When Life Changes the Rules
There's a moment I see again and again in my practice. A client arrives after something has shattered — a diagnosis, a divorce, a job that vanished, a relationship that ended without warning. They sit across from me, still gripping the rulebook for a game that no longer exists. "I did everything right," they say. "I followed the plan. How did I end up here?" And I understand. I've been there too.
ARTICLES
The Myth of the Stable Ground
We're taught to believe that if we just work hard enough, plan carefully enough, control tightly enough, we can build a life on solid ground. We construct our routines, our identities, our sense of safety around the assumption that tomorrow will look like today.
Then life shifts the board.
Sometimes, I just smile at our Western obsession with stability. In Siberia, you learn early that the river will freeze and thaw regardless of your preferences. The seasons don't ask permission to change. To survive, you don't fight the cycle — you learn to move with it.
This is not fatalism. It was wisdom. Rigidity breaks, flexibility bends.
What Happens When We Grip Too Tight
The nervous system has two basic modes. One says: I know what's coming. I can handle this. I'm safe. The other says: Danger. Unknown. Fight, flee, freeze.
When life follows our expectations, we stay in that first mode — regulated, calm, capable. But when the rules change suddenly, the nervous system can get stuck in alarm. And here's where it gets complicated: some of us respond to that alarm by gripping tighter. More control. More planning. More desperate attempts to force life back into the shape we expected.
This is exhausting. And it doesn't work.
I've watched clients exhaust themselves trying to control the uncontrollable — micromanaging every detail, lying awake running scenarios, white-knuckling their way through days. The body pays the price. The relationships pay the price. And still, life refuses to cooperate with the plan.
The Old Way of Understanding Change
In shamanic traditions, change isn't an interruption to life — it is life. Everything moves in cycles: birth, growth, decay, death, rebirth. The forest fire that looks like destruction is actually clearing space for new growth. The winter that kills the garden is also resting the soil.
My grandmother taught me to look for what's trying to emerge, not just what's being lost. "When one door closes," she'd say, "don't stand there pounding on it. Turn around. See what else has opened."
This reframe changes everything. Instead of asking why is this happening to me?, we ask what is this asking me to become?
I don't say this to minimize grief. When life changes the rules, we lose things — sometimes precious things. That loss deserves to be mourned. But grief and growth aren't opposites. Often, they walk hand in hand.
Rewiring the Response
Here's what I've learned from years of clinical work: adaptability isn't just a mindset. It's a nervous system capacity. And like any capacity, it can be developed.

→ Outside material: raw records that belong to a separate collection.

(* Let $C$ be a matrix satisfying the dominance condition and let $C'$ be a submatrix of $C$ (obtained by selecting a subset of rows and a subset of columns) such that every column of $C'$ contains an entry equal to $1$ and every row of $C'$ contains at most one entry equal to $1$. Then, in each row of $C'$, the sum of the entries different from $1$ is less than $1$.
   Context: A matrix $C_1$ covers $C_2$ if $C_1-C_2$ is entrywise nonnegative. A matrix is columnwise normal if its entries lie in $[0,1]$ and every column has at least one entry equal to $1$. A columnwise normal matrix with $n$ rows satisfies the dominance condition if (a) there is an $n\times n$ submatrix (formed by $n$ of its columns) covering a permutation matrix, and (b) for every $n\times n$ such submatrix covering a permutation matrix, the sum of each row is less than $2$. *)

theory Defs
  imports Complex_Main
begin

text \<open>A matrix with n rows and m columns is represented as a function
  C :: nat => nat => real, where C i j is the entry in row i < n, column j < m.\<close>

definition columnwise_normal :: "nat \<Rightarrow> nat \<Rightarrow> (nat \<Rightarrow> nat \<Rightarrow> real) \<Rightarrow> bool" where
  "columnwise_normal n m C \<longleftrightarrow>
     (\<forall>i<n. \<forall>j<m. 0 \<le> C i j \<and> C i j \<le> 1) \<and> (\<forall>j<m. \<exists>i<n. C i j = 1)"

definition covers_perm :: "nat \<Rightarrow> (nat \<Rightarrow> nat \<Rightarrow> real) \<Rightarrow> nat set \<Rightarrow> bool" where
  "covers_perm n C T \<longleftrightarrow>
     (\<exists>p. bij_betw p {..<n} T \<and>
          (\<forall>i<n. \<forall>j\<in>T. C i j - (if j = p i then 1 else 0) \<ge> 0))"

definition dominance :: "nat \<Rightarrow> nat \<Rightarrow> (nat \<Rightarrow> nat \<Rightarrow> real) \<Rightarrow> bool" where
  "dominance n m C \<longleftrightarrow>
     columnwise_normal n m C \<and>
     (\<exists>T. T \<subseteq> {..<m} \<and> card T = n \<and> covers_perm n C T) \<and>
     (\<forall>T. T \<subseteq> {..<m} \<and> card T = n \<and> covers_perm n C T \<longrightarrow>
          (\<forall>i<n. (\<Sum>j\<in>T. C i j) < 2))"

end

theory Submission
  imports Defs
begin

text \<open>Read the ones of C as a bipartite graph between rows and columns: in a columnwise normal
  matrix, a set T of columns covers a permutation matrix exactly when the rows can be perfectly
  matched onto T along ones. As each row of C' has at most one 1, choosing for every column x of
  C' a row f x with a 1 in column x gives an injective f. Starting from a perfect matching p onto
  a covering set T, while some column j of C' lies outside T, reassign row f j to j and drop the
  column p (f j) from T: this keeps a perfect matching and strictly decreases the number of
  columns x of C' with p (f x) \<noteq> x. Hence some covering set contains all columns of C'. Its
  row-i sum is below 2 and includes a 1 together with all non-one entries of row i of C'.\<close>

definition perfect_matching :: "('r \<Rightarrow> 'c \<Rightarrow> bool) \<Rightarrow> 'r set \<Rightarrow> 'c set \<Rightarrow> ('r \<Rightarrow> 'c) \<Rightarrow> bool" where
  "perfect_matching E I T p \<longleftrightarrow> bij_betw p I T \<and> (\<forall>i\<in>I. E i (p i))"

lemma perfect_matching_swap:
  assumes "perfect_matching E I T p" and "r \<in> I" and "j \<notin> T" and "E r j"
  shows "perfect_matching E I (insert j (T - {p r})) (p(r := j))"
  using assms unfolding perfect_matching_def bij_betw_def inj_on_def by auto

lemma perfect_matching_extend:
  assumes "perfect_matching E I T p" and "finite S"
    and f: "inj_on f S" "f ` S \<subseteq> I" "\<forall>j\<in>S. E (f j) j"
  shows "\<exists>T' p'. S \<subseteq> T' \<and> T' \<subseteq> T \<union> S \<and> perfect_matching E I T' p'"
  using assms(1)
proof (induction "card {x\<in>S. p (f x) \<noteq> x}" arbitrary: T p rule: less_induct)
  case less
  show ?case
  proof (cases "S \<subseteq> T")
    case True
    then show ?thesis using less.prems by blast
  next
    case False
    then obtain j where j: "j \<in> S" "j \<notin> T" by blast
    define p' where "p' = p(f j := j)"
    define T' where "T' = insert j (T - {p (f j)})"
    have pm': "perfect_matching E I T' p'"
      unfolding p'_def T'_def using j f by (intro perfect_matching_swap[OF less.prems]) auto
    have "p (f j) \<in> T"
      using less.prems f(2) j(1) unfolding perfect_matching_def by (blast dest: bij_betwE)
    then have "j \<in> {x\<in>S. p (f x) \<noteq> x}" using j by auto
    have "{x\<in>S. p' (f x) \<noteq> x} = {x\<in>S. p (f x) \<noteq> x} - {j}"
      using j f(1) unfolding p'_def inj_on_def by auto
    also have "card \<dots> < card {x\<in>S. p (f x) \<noteq> x}"
      using \<open>finite S\<close> \<open>j \<in> {x\<in>S. p (f x) \<noteq> x}\<close> by (intro card_Diff1_less) auto
    finally have "card {x\<in>S. p' (f x) \<noteq> x} < card {x\<in>S. p (f x) \<noteq> x}" .
    then obtain T'' p'' where "S \<subseteq> T''" "T'' \<subseteq> T' \<union> S" "perfect_matching E I T'' p''"
      using less.hyps[OF _ pm'] by blast
    moreover have "T' \<subseteq> T \<union> S" using j unfolding T'_def by auto
    ultimately show ?thesis by blast
  qed
qed

lemma exists_inj_matching:
  assumes "finite S" and "\<forall>j\<in>S. \<exists>i\<in>R. E i j" and "\<forall>i\<in>R. card {j\<in>S. E i j} \<le> 1"
  shows "\<exists>f. inj_on f S \<and> f ` S \<subseteq> R \<and> (\<forall>j\<in>S. E (f j) j)"
proof -
  have "\<forall>j\<in>S. \<exists>i. i \<in> R \<and> E i j" using assms(2) by blast
  then obtain f where f: "\<forall>j\<in>S. f j \<in> R \<and> E (f j) j"
    by (rule bchoice[elim_format]) blast
  have "inj_on f S"
  proof (rule inj_onI)
    fix x y assume "x \<in> S" "y \<in> S" "f x = f y"
    then have "x \<in> {j\<in>S. E (f x) j}" "y \<in> {j\<in>S. E (f x) j}"
      and "card {j\<in>S. E (f x) j} \<le> 1"
      using f assms(3) by auto
    then show "x = y" using \<open>finite S\<close> by (auto simp: card_le_Suc0_iff_eq)
  qed
  then show ?thesis using f by blast
qed

lemma covers_perm_iff_perfect_matching:
  assumes "\<forall>i<n. \<forall>j\<in>T. 0 \<le> C i j \<and> C i j \<le> 1"
  shows "covers_perm n C T \<longleftrightarrow> (\<exists>p. perfect_matching (\<lambda>i j. C i j = 1) {..<n} T p)"
proof
  assume "covers_perm n C T"
  then obtain p where p: "bij_betw p {..<n} T"
    and cover: "\<forall>i<n. \<forall>j\<in>T. C i j - (if j = p i then 1 else 0) \<ge> 0"
    unfolding covers_perm_def by blast
  have "C i (p i) = 1" if "i < n" for i
  proof -
    have "p i \<in> T" using p that by (auto dest: bij_betwE)
    then show ?thesis using cover assms that by force
  qed
  then show "\<exists>p. perfect_matching (\<lambda>i j. C i j = 1) {..<n} T p"
    using p unfolding perfect_matching_def by auto
next
  assume "\<exists>p. perfect_matching (\<lambda>i j. C i j = 1) {..<n} T p"
  then obtain p where p: "bij_betw p {..<n} T" and ones: "\<forall>i<n. C i (p i) = 1"
    unfolding perfect_matching_def by auto
  have "\<forall>i<n. \<forall>j\<in>T. C i j - (if j = p i then 1 else 0) \<ge> 0"
    using ones assms by simp
  then show "covers_perm n C T" using p unfolding covers_perm_def by (intro exI[of _ p]) simp
qed

lemma sum_entries_ne_1_lt_1:
  fixes a :: "'c \<Rightarrow> real"
  assumes "finite T" and "S \<subseteq> T" and "c \<in> T" and "a c = 1"
    and "\<forall>j\<in>T. 0 \<le> a j" and "(\<Sum>j\<in>T. a j) < 2"
  shows "(\<Sum>j\<in>{j\<in>S. a j \<noteq> 1}. a j) < 1"
proof -
  let ?X = "{j\<in>S. a j \<noteq> 1}"
  have "insert c ?X \<subseteq> T" using assms(2,3) by blast
  then have "finite ?X" using assms(1) finite_subset by auto
  then have "1 + (\<Sum>j\<in>?X. a j) = (\<Sum>j\<in>insert c ?X. a j)"
    using assms(4) by simp
  also have "\<dots> \<le> (\<Sum>j\<in>T. a j)"
    using \<open>insert c ?X \<subseteq> T\<close> assms(1,5) by (intro sum_mono2) auto
  finally show ?thesis using assms(6) by simp
qed

lemma dominance_entries:
  assumes "dominance n m C" and "T \<subseteq> {..<m}"
  shows "\<forall>i<n. \<forall>j\<in>T. 0 \<le> C i j \<and> C i j \<le> 1"
  using assms unfolding dominance_def columnwise_normal_def by auto

lemma dominance_perfect_matching_exists:
  assumes "dominance n m C"
  obtains T p where "T \<subseteq> {..<m}" and "perfect_matching (\<lambda>i j. C i j = 1) {..<n} T p"
proof -
  obtain T where "T \<subseteq> {..<m}" "covers_perm n C T"
    using assms unfolding dominance_def by blast
  with covers_perm_iff_perfect_matching[OF dominance_entries[OF assms]] show ?thesis
    using that by blast
qed

lemma dominance_perfect_matching_row_sum:
  assumes "dominance n m C" and "T \<subseteq> {..<m}"
    and p: "perfect_matching (\<lambda>i j. C i j = 1) {..<n} T p" and "i < n"
  shows "(\<Sum>j\<in>T. C i j) < 2"
proof -
  have "card T = n"
    using p bij_betw_same_card unfolding perfect_matching_def by fastforce
  moreover have "covers_perm n C T"
    using p covers_perm_iff_perfect_matching[OF dominance_entries[OF assms(1,2)]] by auto
  moreover have "\<forall>T. T \<subseteq> {..<m} \<and> card T = n \<and> covers_perm n C T \<longrightarrow> (\<forall>i<n. (\<Sum>j\<in>T. C i j) < 2)"
    using assms(1) unfolding dominance_def by simp
  ultimately show ?thesis using assms(2,4) by blast
qed

theorem lemma4p7:
  fixes n m :: nat and C :: "nat \<Rightarrow> nat \<Rightarrow> real" and R S :: "nat set"
  assumes "dominance n m C"
    and "R \<subseteq> {..<n}" and "S \<subseteq> {..<m}"
    and "\<forall>j\<in>S. \<exists>i\<in>R. C i j = 1"
    and "\<forall>i\<in>R. card {j\<in>S. C i j = 1} \<le> 1"
  shows "\<forall>i\<in>R. (\<Sum>j\<in>{j\<in>S. C i j \<noteq> 1}. C i j) < 1"
proof
  fix i assume "i \<in> R"
  then have i: "i < n" using assms(2) by blast
  obtain T0 p0 where T0: "T0 \<subseteq> {..<m}" and "perfect_matching (\<lambda>i j. C i j = 1) {..<n} T0 p0"
    using dominance_perfect_matching_exists[OF assms(1)] by blast
  moreover have "finite S" using finite_subset[OF assms(3)] by simp
  moreover obtain f where "inj_on f S" "f ` S \<subseteq> {..<n}" "\<forall>j\<in>S. C (f j) j = 1"
    using exists_inj_matching[OF \<open>finite S\<close> assms(4,5)] assms(2) by blast
  ultimately obtain T p where "S \<subseteq> T" "T \<subseteq> T0 \<union> S"
    and p: "perfect_matching (\<lambda>i j. C i j = 1) {..<n} T p"
    using perfect_matching_extend[of "\<lambda>i j. C i j = 1" "{..<n}" T0 p0 S f] by auto
  then have T: "T \<subseteq> {..<m}" using T0 assms(3) by blast
  have "p i \<in> T" "C i (p i) = 1"
    using p i unfolding perfect_matching_def by (auto dest: bij_betwE)
  moreover have "\<forall>j\<in>T. 0 \<le> C i j" using dominance_entries[OF assms(1) T] i by blast
  moreover have "(\<Sum>j\<in>T. C i j) < 2"
    using dominance_perfect_matching_row_sum[OF assms(1) T p i] .
  ultimately show "(\<Sum>j\<in>{j\<in>S. C i j \<noteq> 1}. C i j) < 1"
    using sum_entries_ne_1_lt_1[OF finite_subset[OF T finite_lessThan] \<open>S \<subseteq> T\<close>] by blast
qed

end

This is where trance work becomes powerful. In hypnosis, we can actually work with the part of the psyche that's gripping, controlling, bracing for impact. We can help that part understand it's safe to loosen its hold. We can introduce new possibilities to a mind that's been running the same catastrophic loops. We can resource the nervous system so it has more flexibility to meet whatever comes.

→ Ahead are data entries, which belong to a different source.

lemma hermitian_fn_minus_rank1: "hermitian_fn n A \<Longrightarrow> hermitian_fn n (\<lambda>i j. A i j - a i * cnj (a j))"
  unfolding hermitian_fn_def by (metis complex_cnj_cnj complex_cnj_diff complex_cnj_mult mult.commute)

lemma psd_fn_quad_form_real: "psd_fn n M \<Longrightarrow> quad_form n M u = complex_of_real (Re (quad_form n M u))"
  using hermitian_fn_cinner_swap[of n M u u] unfolding psd_fn_def
  by (metis Reals_cnj_iff complex_is_Real_iff complex_eq_iff Re_complex_of_real Im_complex_of_real)

lemma psd_fn_minus_rank1_iff:
  assumes "hermitian_fn n M"
  shows "psd_fn n (\<lambda>i j. M i j - a i * cnj (a j)) \<longleftrightarrow>
    (\<forall>u. (cmod (cinner n u a))^2 \<le> Re (quad_form n M u))"
  using hermitian_fn_minus_rank1[OF assms] unfolding psd_fn_def Re_quad_form_minus_rank1 by simp

lemma nonneg_quadratic_discriminant:
  fixes a c :: real and b :: complex
  assumes "\<And>l. 0 \<le> a + Re (l * b + cnj l * cnj b) + (cmod l)^2 * c" and "0 \<le> c"
  shows "(cmod b)^2 \<le> a * c"
proof -
  have key: "Re (complex_of_real r * cnj b * b + cnj (complex_of_real r * cnj b) * cnj b)
      = 2 * r * (cmod b)^2" for r
    using cmod_power2[of b] by (simp add: algebra_simps power2_eq_square)
  have nm: "(cmod (complex_of_real r * cnj b))^2 = r^2 * (cmod b)^2" for r
    by (simp add: norm_mult power_mult_distrib)
  have real_line: "0 \<le> a + 2 * r * (cmod b)^2 + r^2 * (cmod b)^2 * c" for r
    using assms(1)[of "complex_of_real r * cnj b"] unfolding key nm .
  show ?thesis
  proof (cases "c > 0")
    case True
    have "0 \<le> a + 2 * (- 1 / c) * (cmod b)^2 + (- 1 / c)^2 * (cmod b)^2 * c" by (rule real_line)
    also have "(- 1 / c)^2 * (cmod b)^2 * c = (cmod b)^2 / c" using True by (simp add: power2_eq_square)
    finally have "0 \<le> a - (cmod b)^2 / c" by simp
    then show ?thesis using True by (simp add: field_simps)
  next
    case False
    then have c0: "c = 0" using assms(2) by simp
    show ?thesis
    proof (rule ccontr)
      assume "\<not> ?thesis"
      then have b_pos: "(cmod b)^2 > 0" using c0 by auto
      define t where "t = - (a + 1) / (2 * (cmod b)^2)"
      have "0 \<le> a + 2 * t * (cmod b)^2" using real_line[of t] c0 by simp
      also have "2 * t * (cmod b)^2 = - (a + 1)" using b_pos by (simp add: t_def)
      finally show False by simp
    qed
  qed
qed

lemma psd_fn_cauchy_schwarz:
  assumes "psd_fn n M"
  shows "(cmod (cinner n u (matvec n M v)))^2 \<le> Re (quad_form n M u) * Re (quad_form n M v)"
proof (rule nonneg_quadratic_discriminant)
  show "0 \<le> Re (quad_form n M v)" using assms unfolding psd_fn_def by blast
  fix l
  define r where "r = Re (quad_form n M v)"
  have nonneg: "0 \<le> Re (quad_form n M (\<lambda>i. u i + l * v i))"
    using assms unfolding psd_fn_def by blast
  have swap: "cinner n v (matvec n M u) = cnj (cinner n u (matvec n M v))"
    using hermitian_fn_cinner_swap[of n M v u] assms unfolding psd_fn_def by blast
  have qv: "quad_form n M v = complex_of_real r"
    unfolding r_def by (rule psd_fn_quad_form_real[OF assms])
  have ll: "cnj l * l = complex_of_real ((cmod l)^2)"
    by (subst complex_norm_square) (rule mult.commute)
  have expand: "quad_form n M (\<lambda>i. u i + l * v i) =
      quad_form n M u + (l * cinner n u (matvec n M v) + cnj l * cnj (cinner n u (matvec n M v)))
      + complex_of_real ((cmod l)^2) * complex_of_real r"
    unfolding quad_form_add_scaled swap qv ll[symmetric] by (simp add: algebra_simps)
  show "0 \<le> Re (quad_form n M u)
      + Re (l * cinner n u (matvec n M v) + cnj l * cnj (cinner n u (matvec n M v)))
      + (cmod l)\<^sup>2 * Re (quad_form n M v)"
    using nonneg unfolding expand r_def[symmetric]
    by (simp only: plus_complex.sel(1) of_real_mult[symmetric] Re_complex_of_real)
qed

I often guide clients into a state where they can witness their own rigidity with compassion — not fighting it, but understanding it. That controlling part isn't the enemy. It's usually a protector, working overtime to keep us safe. But protectors can learn new strategies. They can discover that safety doesn't require controlling everything.
The shift I witness when this happens is profound. Clients stop white-knuckling. They start breathing. They find they can hold uncertainty without being destroyed by it. Not because they've given up caring, but because they've developed genuine resilience—the kind that comes from the inside out.
The Freedom of Flexibility
My grandmother lived through things that would break most people. Revolution. Famine. War. Losses I can barely imagine. And yet she remained one of the most adaptable, creative, joyful people I've ever known.
She wasn't positive all the time — that would have been denial. She grieved fiercely when grief was called for. But she never got stuck. She kept turning around to see what door had opened. She kept trusting that life, even in its cruelty, was also offering something.
I think of her when I work with clients who are facing their own life-shattering moments. The goal isn't to pretend everything is fine. The goal is to develop the inner flexibility to meet reality as it actually is — and to discover, perhaps surprisingly, that you can.
Moving With the River
If you're in a moment of transition right now, if life has just changed the rules on you, I want you to know something.
Your impulse to grip tighter is understandable. It's your nervous system trying to protect you. But there's another way.
You can learn to be like water. Water doesn't fight the riverbed, it flows around obstacles, finds new paths, keeps moving. This isn't weakness. It's the deepest kind of strength.
The old shamanic teachings and modern neuroscience agree on this: the most resilient humans aren't the ones who never face hardship. They're the ones who've learned to move with change rather than against it. Who can grieve and grow simultaneously. Who trust themselves to handle what comes, even when they can't predict what that will be.
This capacity is in you. It may be buried under years of conditioning that said control equals safety. It may need some support to fully emerge. But it's there.
Life will keep changing the rules. That's not a threat, it's a promise. And within that constant motion is an invitation to become more fluid, more creative, more alive than you ever imagined.